(Stored data entries)
text \<open>\<open>P\<close> contains \<open>(m - 1)/m \<cdot> conv {a, b, -a-b} + 1/m \<cdot> e\<close> for both apexes \<open>e\<close>;
  modulo the lattice of the plane, \<open>x0\<close> lies in the first of these triangles or \<open>-x0\<close> in the
  second.\<close>

lemma lattice_pt_of_fractional_height:
  assumes x0: "lattice_pt x0" and "m \<ge> 2" and m_x0: "of_int m * height x0 = height d"
  obtains X where "lattice_pt X" "X \<in> P" "\<bar>height X\<bar> = \<bar>height d\<bar> / of_int m"
proof -
  have "lattice_pt (of_int m *\<^sub>R x0 - d)"
    using x0 vertices_lattice_pts by (intro lattice_pt_diff lattice_pt_scaleR) auto
  moreover have "height (of_int m *\<^sub>R x0 - d) = 0"
    using m_x0 by (simp add: inner_diff_right)
  ultimately obtain i' j' where "i' \<in> \<int>" "j' \<in> \<int>" "of_int m *\<^sub>R x0 - d = i' *\<^sub>R a + j' *\<^sub>R b"
    using basis unfolding lattice_plane_basis_def by blast
  moreover obtain i j where "i' = of_int i" "j' = of_int j"
    using \<open>i' \<in> \<int>\<close> \<open>j' \<in> \<int>\<close> by (elim Ints_cases)
  ultimately have mx0: "of_int m *\<^sub>R x0 - d = of_int i *\<^sub>R a + of_int j *\<^sub>R b"
    by simp
  define \<mu> where "\<mu> = real_of_int m"
  have "\<mu> > 0"
    using \<open>m \<ge> 2\<close> by (simp add: \<mu>_def)
  have "x0 = (1 / \<mu>) *\<^sub>R (\<mu> *\<^sub>R x0)"
    using \<open>\<mu> > 0\<close> by simp
  also have "\<mu> *\<^sub>R x0 = of_int i *\<^sub>R a + of_int j *\<^sub>R b + d"
    using mx0 by (simp add: \<mu>_def algebra_simps)
  finally have x0_eq: "x0 = (of_int i / \<mu>) *\<^sub>R a + (of_int j / \<mu>) *\<^sub>R b + (1 / \<mu>) *\<^sub>R d"
    by (simp add: scaleR_add_right)
  have height_x0: "height x0 = height d / \<mu>"
    using m_x0 \<open>\<mu> > 0\<close> by (simp add: \<mu>_def field_simps)
  have "convex P"
    using minimal minimal_fano_imp_polytope polytope_imp_convex by blast
  have ab: "lattice_pt a" "lattice_pt b"
    using vertices_lattice_pts by auto
  have "m > 0"
    using \<open>m \<ge> 2\<close> by simp
  from dilated_std_triangle_residues[OF this, of i j] obtain k l
    where "(i + k * m, j + l * m) \<in> dilated_std_triangle (m - 1)
      \<or> (k * m - 1 - i, l * m - 1 - j) \<in> dilated_std_triangle (m - 1)"
    by blast
  then show thesis
  proof
    assume k_l: "(i + k * m, j + l * m) \<in> dilated_std_triangle (m - 1)"
    define X where "X = x0 + of_int k *\<^sub>R a + of_int l *\<^sub>R b"
    have "of_int (i + k * m) / \<mu> = of_int i / \<mu> + of_int k"
      "of_int (j + l * m) / \<mu> = of_int j / \<mu> + of_int l"
      using \<open>\<mu> > 0\<close> by (simp_all add: \<mu>_def field_simps)
    then have "X = (of_int (i + k * m) / \<mu>) *\<^sub>R a + (of_int (j + l * m) / \<mu>) *\<^sub>R b
        + (1 / \<mu>) *\<^sub>R d"
      unfolding X_def x0_eq by (simp add: scaleR_add_left algebra_simps)
    also have "\<dots> \<in> P"
      unfolding \<mu>_def using \<open>m \<ge> 2\<close> k_l \<open>convex P\<close> vertices_lattice_pts
      by (intro dilated_std_triangle_point_in_convex) auto
    finally have "X \<in> P" .
    moreover have "lattice_pt X"
      unfolding X_def using x0 ab by (intro lattice_pt_add lattice_pt_scaleR) auto
    moreover have "height X = height d / \<mu>"
      unfolding X_def using height_x0 by (simp add: inner_add_right)
    ultimately show thesis
      using that \<open>\<mu> > 0\<close> by (simp add: \<mu>_def)
  next
    assume k_l: "(k * m - 1 - i, l * m - 1 - j) \<in> dilated_std_triangle (m - 1)"
    define X where "X = - x0 + of_int k *\<^sub>R a + of_int l *\<^sub>R b"
    have coefficients: "of_int (k * m - 1 - i) / \<mu> = of_int k - 1 / \<mu> - of_int i / \<mu>"
      "of_int (l * m - 1 - j) / \<mu> = of_int l - 1 / \<mu> - of_int j / \<mu>"
      using \<open>\<mu> > 0\<close> by (simp_all add: \<mu>_def field_simps)
    have "X = (of_int (k * m - 1 - i) / \<mu>) *\<^sub>R a + (of_int (l * m - 1 - j) / \<mu>) *\<^sub>R b
        + (1 / \<mu>) *\<^sub>R (a+b-d)"
      unfolding coefficients X_def x0_eq by (simp add: scaleR_diff_left algebra_simps)
    also have "\<dots> \<in> P"
      unfolding \<mu>_def using \<open>m \<ge> 2\<close> k_l \<open>convex P\<close> vertices_lattice_pts
      by (intro dilated_std_triangle_point_in_convex) auto
    finally have "X \<in> P" .
    moreover have "lattice_pt X"
      unfolding X_def using x0 ab by (intro lattice_pt_add lattice_pt_scaleR lattice_pt_minus) auto
    moreover have "height X = - height d / \<mu>"
      unfolding X_def using height_x0 by (simp add: inner_add_right inner_diff_right)
    ultimately show thesis
      using that \<open>\<mu> > 0\<close> by (simp add: \<mu>_def)
  qed
qed

lemma height_divisible:
  assumes x: "lattice_pt x"
  shows "height x / height d \<in> \<int>"
proof (rule ccontr)
  assume not_divisible: "height x / height d \<notin> \<int>"
  have "lattice_pt d"
    using vertices_lattice_pts by simp
  obtain k where k: "height x = of_int k"
    using height_Ints[OF x] by (elim Ints_cases)
  obtain kd where kd: "height d = of_int kd"
    using height_Ints[OF \<open>lattice_pt d\<close>] by (elim Ints_cases)
  define g where "g = gcd k kd"
  obtain s t where st: "s * k + t * kd = g"
    unfolding g_def using bezout_int by blast
  obtain m where m: "kd = g * m"
    using gcd_dvd2[of k kd] unfolding g_def by (rule dvdE)
  have "kd \<noteq> 0"
    using height_d kd by simp
  have "\<bar>m\<bar> \<noteq> 1"
  proof
    assume "\<bar>m\<bar> = 1"
    then have "m = 1 \<or> m = -1"
      by linarith
    then have "kd dvd g"
      using m by auto
    moreover have "g dvd k"
      unfolding g_def by simp
    ultimately have "kd dvd k"
      by (rule dvd_trans)
    then show False
      using not_divisible k kd \<open>kd \<noteq> 0\<close> by (auto elim!: dvdE)
  qed
  then have "\<bar>m\<bar> \<ge> 2"
    using m \<open>kd \<noteq> 0\<close> by (cases "m = 0") auto
  define x0 where "x0 = of_int (sgn m) *\<^sub>R (of_int s *\<^sub>R x + of_int t *\<^sub>R d)"
  have "lattice_pt x0"
    unfolding x0_def using x \<open>lattice_pt d\<close>
    by (intro lattice_pt_scaleR lattice_pt_add) auto
  moreover have "of_int \<bar>m\<bar> * height x0 = height d"
  proof -
    have "height (of_int s *\<^sub>R x + of_int t *\<^sub>R d) = of_int g"
      using k kd st by (simp add: inner_add_right) (metis of_int_add of_int_mult)
    then have "of_int \<bar>m\<bar> * height x0 = of_int (\<bar>m\<bar> * sgn m * g)"
      unfolding x0_def by simp
    also have "\<dots> = height d"
      using kd m by (simp add: abs_mult_sgn mult.commute)
    finally show ?thesis .
  qed
  ultimately obtain X where X: "lattice_pt X" "X \<in> P"
    and height_X: "\<bar>height X\<bar> = \<bar>height d\<bar> / of_int \<bar>m\<bar>"
    using lattice_pt_of_fractional_height \<open>\<bar>m\<bar> \<ge> 2\<close> by blast
  have "0 < \<bar>height X\<bar>" "\<bar>height X\<bar> < \<bar>height d\<bar>"
    unfolding height_X using height_d \<open>\<bar>m\<bar> \<ge> 2\<close> by (simp_all add: field_simps)
  then show False
    using no_lattice_pt_of_smaller_height X by blast
qed

lemma lattice_pt_imp_combination:
  assumes "lattice_pt x"
  shows "\<exists>i\<in>\<int>. \<exists>j\<in>\<int>. \<exists>k\<in>\<int>. x = i *\<^sub>R a + j *\<^sub>R b + k *\<^sub>R d"
proof -
  define k where "k = height x / height d"
  have "k \<in> \<int>"
    unfolding k_def using height_divisible[OF assms] .
  then have "lattice_pt (x - k *\<^sub>R d)"
    using assms vertices_lattice_pts by (intro lattice_pt_diff lattice_pt_scaleR) auto
  moreover have "height (x - k *\<^sub>R d) = 0"
    using height_d by (simp add: k_def inner_diff_right)
  ultimately obtain i j where "i \<in> \<int>" "j \<in> \<int>" "x - k *\<^sub>R d = i *\<^sub>R a + j *\<^sub>R b"
    using basis by (auto simp: lattice_plane_basis_def)
  then show ?thesis
    using \<open>k \<in> \<int>\<close> by (metis diff_eq_eq)
qed

lemma ex_GL3Z_image_P_model: "\<exists>M. GL3Z M \<and> P = (\<lambda>x. M *v x) ` P_model"
proof -
  define M :: "real^3^3" where "M = (\<chi> i j. if j = 1 then a $ i else if j = 2 then b $ i else - d $ i)"
  have M_mult: "M *v x = x $ 1 *\<^sub>R a + x $ 2 *\<^sub>R b - x $ 3 *\<^sub>R d" for x
    by (simp add: vec_eq_iff M_def matrix_vector_mult_def sum_3 algebra_simps)
  have integral: "M $ i $ j \<in> \<int>" for i j
    using vertices_lattice_pts by (auto simp: M_def lattice_pt_def)
  have "\<exists>z. lattice_pt z \<and> M *v z = x" if x: "lattice_pt x" for x
  proof -
    obtain i j k where "i \<in> \<int>" "j \<in> \<int>" "k \<in> \<int>" "x = i *\<^sub>R a + j *\<^sub>R b + k *\<^sub>R d"
      using lattice_pt_imp_combination[OF x] by blast
    then show ?thesis
      by (intro exI[of _ "vector [i, j, -k]"]) (simp add: lattice_pt_def forall_3 M_mult)
  qed
  then have "GL3Z M"
    unfolding GL3Z_def using integral abs_det_eq_1_if_lattice_surjective by blast
  have "(\<lambda>x. M *v x) ` P_model = convex hull ((\<lambda>x. M *v x) ` {vector [1, 0, 0], vector [0, 1, 0],
      vector [0, 0, -1], vector [-1, -1, 0], vector [1, 1, 1]})"
    unfolding P_model_def by (rule convex_hull_linear_image) (rule matrix_vector_mul_linear)
  also have "(\<lambda>x. M *v x) ` {vector [1, 0, 0], vector [0, 1, 0], vector [0, 0, -1],
      vector [-1, -1, 0], vector [1, 1, 1]} = {a, b, -a-b, d, a+b-d}"
    by (simp add: M_mult insert_commute algebra_simps)
  finally show ?thesis
    using \<open>GL3Z M\<close> P_eq_convex_hull by auto
qed

end

lemma minimal_fano_bipyramid_if_apex:
  assumes "minimal_fano P" and basis: "lattice_plane_basis a b"
    and "a extreme_point_of P" "b extreme_point_of P" "(-a-b) extreme_point_of P"
    and w: "w \<in> {a, b, -a-b}" and "d extreme_point_of P" "(-w-d) extreme_point_of P"
    and "cross3 a b \<bullet> d \<noteq> 0"
  obtains a' b' where "minimal_fano_bipyramid P a' b' d"
proof -
  have rotated: "lattice_plane_basis b (-a-b)" "lattice_plane_basis (-a-b) a"
    using lattice_plane_basis_rotate[OF basis] lattice_plane_basis_rotate[of b "-a-b"] by auto
  have cross: "cross3 b (-a-b) = cross3 a b" "cross3 (-a-b) a = cross3 a b"
    by (simp_all add: cross3_simps)
  from w consider "w = -a-b" | "w = a" | "w = b"
    by blast
  then show thesis
  proof cases
    case 1
    have "-w-d = a+b-d"
      unfolding 1 by (simp add: algebra_simps)
    then have "(a+b-d) extreme_point_of P"
      using assms(8) by simp
    then show thesis
      using assms by (intro that[of a b]) (simp add: minimal_fano_bipyramid_def)
  next
    case 2
    then show thesis
      using assms rotated cross
      by (intro that[of b "-a-b"]) (simp add: minimal_fano_bipyramid_def algebra_simps)
  next
    case 3
    then show thesis
      using assms rotated cross
      by (intro that[of "-a-b" a]) (simp add: minimal_fano_bipyramid_def algebra_simps)
  qed
qed

text \<open>The heights of the vertices of the second triangle above the plane of the first sum to
  zero and are not all zero, so two of them have opposite signs; the third vertex then lies in
  the plane and, by minimality, is a vertex of the first triangle.\<close>

lemma second_triangle_apex:
  assumes minimal: "minimal_fano P" and n: "cross3 a b \<noteq> 0"
    and abc: "a extreme_point_of P" "b extreme_point_of P" "(-a-b) extreme_point_of P"
    and pq: "cross3 p q \<noteq> 0"
    and pqr: "p extreme_point_of P" "q extreme_point_of P" "(-p-q) extreme_point_of P"
    and transversal: "cross3 a b \<bullet> p \<noteq> 0 \<or> cross3 a b \<bullet> q \<noteq> 0"
  obtains w d where "w \<in> {a, b, -a-b}" "d extreme_point_of P" "(-w-d) extreme_point_of P"
    "cross3 a b \<bullet> d \<noteq> 0"
proof -
  let ?h = "\<lambda>x. cross3 a b \<bullet> x"
  have "\<exists>u v w. (u, v, w) \<in> {(p, q, -p-q), (q, -p-q, p), (-p-q, p, q)} \<and> ?h u * ?h v < 0"
  proof (rule ccontr)
    assume "\<not> ?thesis"
    then have products: "?h p * ?h q \<ge> 0" "?h q * ?h (-p-q) \<ge> 0" "?h (-p-q) * ?h p \<ge> 0"
      by (auto simp: not_less)
    have "?h p * ?h p + ?h q * ?h q
        = - (?h q * ?h (-p-q) + ?h (-p-q) * ?h p) - 2 * (?h p * ?h q)"
      by (simp add: inner_diff_right algebra_simps)
    then have "?h p * ?h p + ?h q * ?h q \<le> 0"
      using products by linarith
    then have "?h p * ?h p = 0" "?h q * ?h q = 0"
      using zero_le_square[of "?h p"] zero_le_square[of "?h q"] by linarith+
    then show False
      using transversal by simp
  qed
  then obtain u v w where "(u, v, w) \<in> {(p, q, -p-q), (q, -p-q, p), (-p-q, p, q)}"
    and opposite: "?h u * ?h v < 0"
    by blast
  then have "w \<notin> {u, v}" "-w-u = v"
    and uvw: "u extreme_point_of P" "v extreme_point_of P" "w extreme_point_of P"
    using cross3_nonzero_imp_distinct[OF pq] pqr by auto
  have "w \<in> {a, b, -a-b, u, v}"
    using abc uvw minimal_fano_extreme_point_lattice_pt[OF minimal]
    by (intro minimal_fano_extreme_point_bipyramid[OF minimal uvw(3) n _ opposite]) auto
  show thesis
  proof (rule that)
    show "w \<in> {a, b, -a-b}"
      using \<open>w \<in> {a, b, -a-b, u, v}\<close> \<open>w \<notin> {u, v}\<close> by blast
    show "u extreme_point_of P" "(-w-u) extreme_point_of P"
      using uvw \<open>-w-u = v\<close> by simp_all
    show "cross3 a b \<bullet> u \<noteq> 0"
      using opposite by auto
  qed
qed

**To do:** Report how many lines above hold "ccontr", number only.

**Answer box:** 2